(HealthDay)—Youth with headache frequently use complementary and alternative medicine (CAM), according to a study published online Oct. 14 in Pediatrics.
Christina Bethell, Ph.D., M.B.A., M.P.H., from the Oregon Health and Science University in Portland, and colleagues used linked data from the 2007 National Health Interview Survey and the 2008 Medical Expenditures Panel Survey to identify prevalence and patterns of CAM use among youth with recurrent headaches.
More than 10 percent of youth experienced headaches (10.6 percent). The researchers found that 29.6 percent of those who experienced headaches used CAM. For headache sufferers who also experienced difficulties with emotions, concentration, behavior, school attendance, or daily activities, the proportion using CAM increased to 41 percent.
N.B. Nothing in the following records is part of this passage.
lemma PSPD_generators_subset_SED_generators:
  fixes P :: "('v \<Rightarrow> nat) \<Rightarrow> 'a::field"
  assumes "finite X" "\<forall>v\<in>X. part v \<in> {1..r}" "set_multilinear X part r P"
  shows "PSPD_generators X part k l P \<subseteq> SED_generators X part k l P"
proof
  let ?Y = "yvars X part k"
  fix g assume "g \<in> PSPD_generators X part k l P"
  then obtain mz e where g: "g = eval_vec (bool_points (zvars X part k))
      (\<lambda>a. mono_eval X mz a * poly_eval X (pderiv_mono X e P) a)"
    and mz: "mz \<in> deg_monoms (zvars X part k) l" and e: "e \<in> sml_monoms ?Y part k"
    by (auto simp: PSPD_generators_def)
  define a where "a = (\<lambda>v. if v \<in> ?Y then of_bool (e v \<noteq> 0) else (0::'a))"
  have "a \<in> bool_points ?Y" by (auto simp: a_def bool_points_def)
  moreover have "{v \<in> ?Y. a v \<noteq> 0} = {v \<in> ?Y. e v \<noteq> 0}" by (auto simp: a_def)
  with card_support_sml_monoms_le[OF _ _ e] assms(1)
  have "card {v \<in> ?Y. a v \<noteq> 0} \<le> k" by (simp add: yvars_def)
  moreover have "g = eval_vec (bool_points (zvars X part k))
      (\<lambda>b. mono_eval X mz b * poly_eval X P (\<lambda>v. if v \<in> ?Y then a v else b v))"
    using poly_eval_pderiv_mono[OF assms e] by (simp add: g a_def if_distrib cong: if_cong)
  ultimately show "g \<in> SED_generators X part k l P"
    using mz unfolding SED_generators_def by blast
qed

theorem corollary4p6:
  fixes X :: "'v set" and part :: "'v \<Rightarrow> nat" and r k l :: nat
    and P :: "('v \<Rightarrow> nat) \<Rightarrow> 'a::field"
  assumes "finite X"
    and "\<forall>v\<in>X. part v \<in> {1..r}"
    and "set_multilinear X part r P"
  shows "Gamma_PSPD X part k l P \<le> Gamma_SED X part k l P"
proof -
  have "span_dim (PSPD_generators X part k l P) \<le> span_dim (SED_generators X part k l P)"
    by (rule span_dim_mono[OF PSPD_generators_subset_SED_generators[OF assms]
          finite_SED_generators[OF assms(1)]])
  thus ?thesis
    by (simp add: Gamma_PSPD_def Gamma_SED_def PSPD_generators_def SED_generators_def)
qed

end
The most commonly used therapies were biologically-based products (16.2 percent) and mind-body therapies (13.3 percent), especially by the 86.4 percent of youth with headache who had one or more concurrent chronic health conditions. Youth with headache who used CAM had higher expenditures for and use of most types of conventional care, compared with non-CAM users.
"The study findings support for proactive efforts among pediatricians and pediatric specialists to ask patients about co-occurring health conditions, functioning, and CAM use and to integrate CAM into conventional care," the authors write.